▶ _What the task asks_: What follows is a listing. Write it all out exactly.

▶ _Provided records_:
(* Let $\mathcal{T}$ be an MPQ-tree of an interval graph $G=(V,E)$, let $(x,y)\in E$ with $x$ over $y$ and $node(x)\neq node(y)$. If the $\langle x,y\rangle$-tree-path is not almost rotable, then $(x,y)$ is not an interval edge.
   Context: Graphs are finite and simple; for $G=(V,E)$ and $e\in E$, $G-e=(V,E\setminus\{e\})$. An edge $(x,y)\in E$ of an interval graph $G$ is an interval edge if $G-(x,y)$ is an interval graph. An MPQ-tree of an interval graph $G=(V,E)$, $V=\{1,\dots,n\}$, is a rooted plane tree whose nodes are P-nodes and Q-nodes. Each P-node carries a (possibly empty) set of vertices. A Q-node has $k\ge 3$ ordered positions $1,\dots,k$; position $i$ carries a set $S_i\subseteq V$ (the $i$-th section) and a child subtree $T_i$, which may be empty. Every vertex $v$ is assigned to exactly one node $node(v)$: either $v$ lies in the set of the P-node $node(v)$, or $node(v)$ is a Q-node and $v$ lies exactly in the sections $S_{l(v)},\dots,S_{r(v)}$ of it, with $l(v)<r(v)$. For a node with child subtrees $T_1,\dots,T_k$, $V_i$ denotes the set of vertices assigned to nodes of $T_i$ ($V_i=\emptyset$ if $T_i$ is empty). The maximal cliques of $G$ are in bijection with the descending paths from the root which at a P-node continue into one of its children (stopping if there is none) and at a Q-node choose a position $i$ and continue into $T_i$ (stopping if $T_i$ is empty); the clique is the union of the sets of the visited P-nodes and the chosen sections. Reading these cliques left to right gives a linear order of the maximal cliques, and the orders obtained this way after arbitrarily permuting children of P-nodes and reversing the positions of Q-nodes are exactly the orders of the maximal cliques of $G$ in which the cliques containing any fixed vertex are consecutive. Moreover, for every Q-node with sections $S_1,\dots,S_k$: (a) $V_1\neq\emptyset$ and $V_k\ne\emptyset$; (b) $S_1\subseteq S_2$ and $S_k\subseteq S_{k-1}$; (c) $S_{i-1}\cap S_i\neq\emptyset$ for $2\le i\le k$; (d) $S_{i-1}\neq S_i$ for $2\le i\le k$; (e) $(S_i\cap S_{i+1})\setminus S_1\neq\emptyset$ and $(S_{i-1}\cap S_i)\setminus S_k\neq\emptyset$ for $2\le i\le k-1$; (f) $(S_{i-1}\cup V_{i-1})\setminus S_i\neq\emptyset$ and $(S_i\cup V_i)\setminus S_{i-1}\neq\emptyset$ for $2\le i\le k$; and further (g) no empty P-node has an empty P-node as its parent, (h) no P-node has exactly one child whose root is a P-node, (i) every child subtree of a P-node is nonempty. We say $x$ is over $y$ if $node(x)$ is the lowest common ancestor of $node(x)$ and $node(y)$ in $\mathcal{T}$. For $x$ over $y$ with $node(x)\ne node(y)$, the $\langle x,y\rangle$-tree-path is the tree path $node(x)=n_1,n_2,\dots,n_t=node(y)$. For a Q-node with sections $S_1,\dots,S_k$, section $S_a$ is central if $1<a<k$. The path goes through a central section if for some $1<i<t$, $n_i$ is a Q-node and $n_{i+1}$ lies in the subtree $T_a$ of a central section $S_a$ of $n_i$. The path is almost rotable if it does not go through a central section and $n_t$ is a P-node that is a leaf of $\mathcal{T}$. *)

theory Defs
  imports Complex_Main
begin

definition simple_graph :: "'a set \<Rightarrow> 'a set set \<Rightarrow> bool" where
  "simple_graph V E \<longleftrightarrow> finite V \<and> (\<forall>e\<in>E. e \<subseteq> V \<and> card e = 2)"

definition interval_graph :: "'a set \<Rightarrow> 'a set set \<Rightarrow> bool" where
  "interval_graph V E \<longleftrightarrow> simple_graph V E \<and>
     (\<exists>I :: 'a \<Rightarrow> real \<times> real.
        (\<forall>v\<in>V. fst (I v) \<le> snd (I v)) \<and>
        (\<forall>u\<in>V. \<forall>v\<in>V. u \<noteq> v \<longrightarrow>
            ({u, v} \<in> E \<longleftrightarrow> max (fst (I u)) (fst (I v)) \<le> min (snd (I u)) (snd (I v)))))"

▶ _Finished task_:
(* Let $\mathcal{T}$ be an MPQ-tree of an interval graph $G=(V,E)$, let $(x,y)\in E$ with $x$ over $y$ and $node(x)\neq node(y)$. If the $\langle x,y\rangle$-tree-path is not almost rotable, then $(x,y)$ is not an interval edge.
   Context: Graphs are finite and simple; for $G=(V,E)$ and $e\in E$, $G-e=(V,E\setminus\{e\})$. An edge $(x,y)\in E$ of an interval graph $G$ is an interval edge if $G-(x,y)$ is an interval graph. An MPQ-tree of an interval graph $G=(V,E)$, $V=\{1,\dots,n\}$, is a rooted plane tree whose nodes are P-nodes and Q-nodes. Each P-node carries a (possibly empty) set of vertices. A Q-node has $k\ge 3$ ordered positions $1,\dots,k$; position $i$ carries a set $S_i\subseteq V$ (the $i$-th section) and a child subtree $T_i$, which may be empty. Every vertex $v$ is assigned to exactly one node $node(v)$: either $v$ lies in the set of the P-node $node(v)$, or $node(v)$ is a Q-node and $v$ lies exactly in the sections $S_{l(v)},\dots,S_{r(v)}$ of it, with $l(v)<r(v)$. For a node with child subtrees $T_1,\dots,T_k$, $V_i$ denotes the set of vertices assigned to nodes of $T_i$ ($V_i=\emptyset$ if $T_i$ is empty). The maximal cliques of $G$ are in bijection with the descending paths from the root which at a P-node continue into one of its children (stopping if there is none) and at a Q-node choose a position $i$ and continue into $T_i$ (stopping if $T_i$ is empty); the clique is the union of the sets of the visited P-nodes and the chosen sections. Reading these cliques left to right gives a linear order of the maximal cliques, and the orders obtained this way after arbitrarily permuting children of P-nodes and reversing the positions of Q-nodes are exactly the orders of the maximal cliques of $G$ in which the cliques containing any fixed vertex are consecutive. Moreover, for every Q-node with sections $S_1,\dots,S_k$: (a) $V_1\neq\emptyset$ and $V_k\ne\emptyset$; (b) $S_1\subseteq S_2$ and $S_k\subseteq S_{k-1}$; (c) $S_{i-1}\cap S_i\neq\emptyset$ for $2\le i\le k$; (d) $S_{i-1}\neq S_i$ for $2\le i\le k$; (e) $(S_i\cap S_{i+1})\setminus S_1\neq\emptyset$ and $(S_{i-1}\cap S_i)\setminus S_k\neq\emptyset$ for $2\le i\le k-1$; (f) $(S_{i-1}\cup V_{i-1})\setminus S_i\neq\emptyset$ and $(S_i\cup V_i)\setminus S_{i-1}\neq\emptyset$ for $2\le i\le k$; and further (g) no empty P-node has an empty P-node as its parent, (h) no P-node has exactly one child whose root is a P-node, (i) every child subtree of a P-node is nonempty. We say $x$ is over $y$ if $node(x)$ is the lowest common ancestor of $node(x)$ and $node(y)$ in $\mathcal{T}$. For $x$ over $y$ with $node(x)\ne node(y)$, the $\langle x,y\rangle$-tree-path is the tree path $node(x)=n_1,n_2,\dots,n_t=node(y)$. For a Q-node with sections $S_1,\dots,S_k$, section $S_a$ is central if $1<a<k$. The path goes through a central section if for some $1<i<t$, $n_i$ is a Q-node and $n_{i+1}$ lies in the subtree $T_a$ of a central section $S_a$ of $n_i$. The path is almost rotable if it does not go through a central section and $n_t$ is a P-node that is a leaf of $\mathcal{T}$. *)

theory Defs
  imports Complex_Main
begin

definition simple_graph :: "'a set \<Rightarrow> 'a set set \<Rightarrow> bool" where
  "simple_graph V E \<longleftrightarrow> finite V \<and> (\<forall>e\<in>E. e \<subseteq> V \<and> card e = 2)"

definition interval_graph :: "'a set \<Rightarrow> 'a set set \<Rightarrow> bool" where
  "interval_graph V E \<longleftrightarrow> simple_graph V E \<and>
     (\<exists>I :: 'a \<Rightarrow> real \<times> real.
        (\<forall>v\<in>V. fst (I v) \<le> snd (I v)) \<and>
        (\<forall>u\<in>V. \<forall>v\<in>V. u \<noteq> v \<longrightarrow>
            ({u, v} \<in> E \<longleftrightarrow> max (fst (I u)) (fst (I v)) \<le> min (snd (I u)) (snd (I v)))))"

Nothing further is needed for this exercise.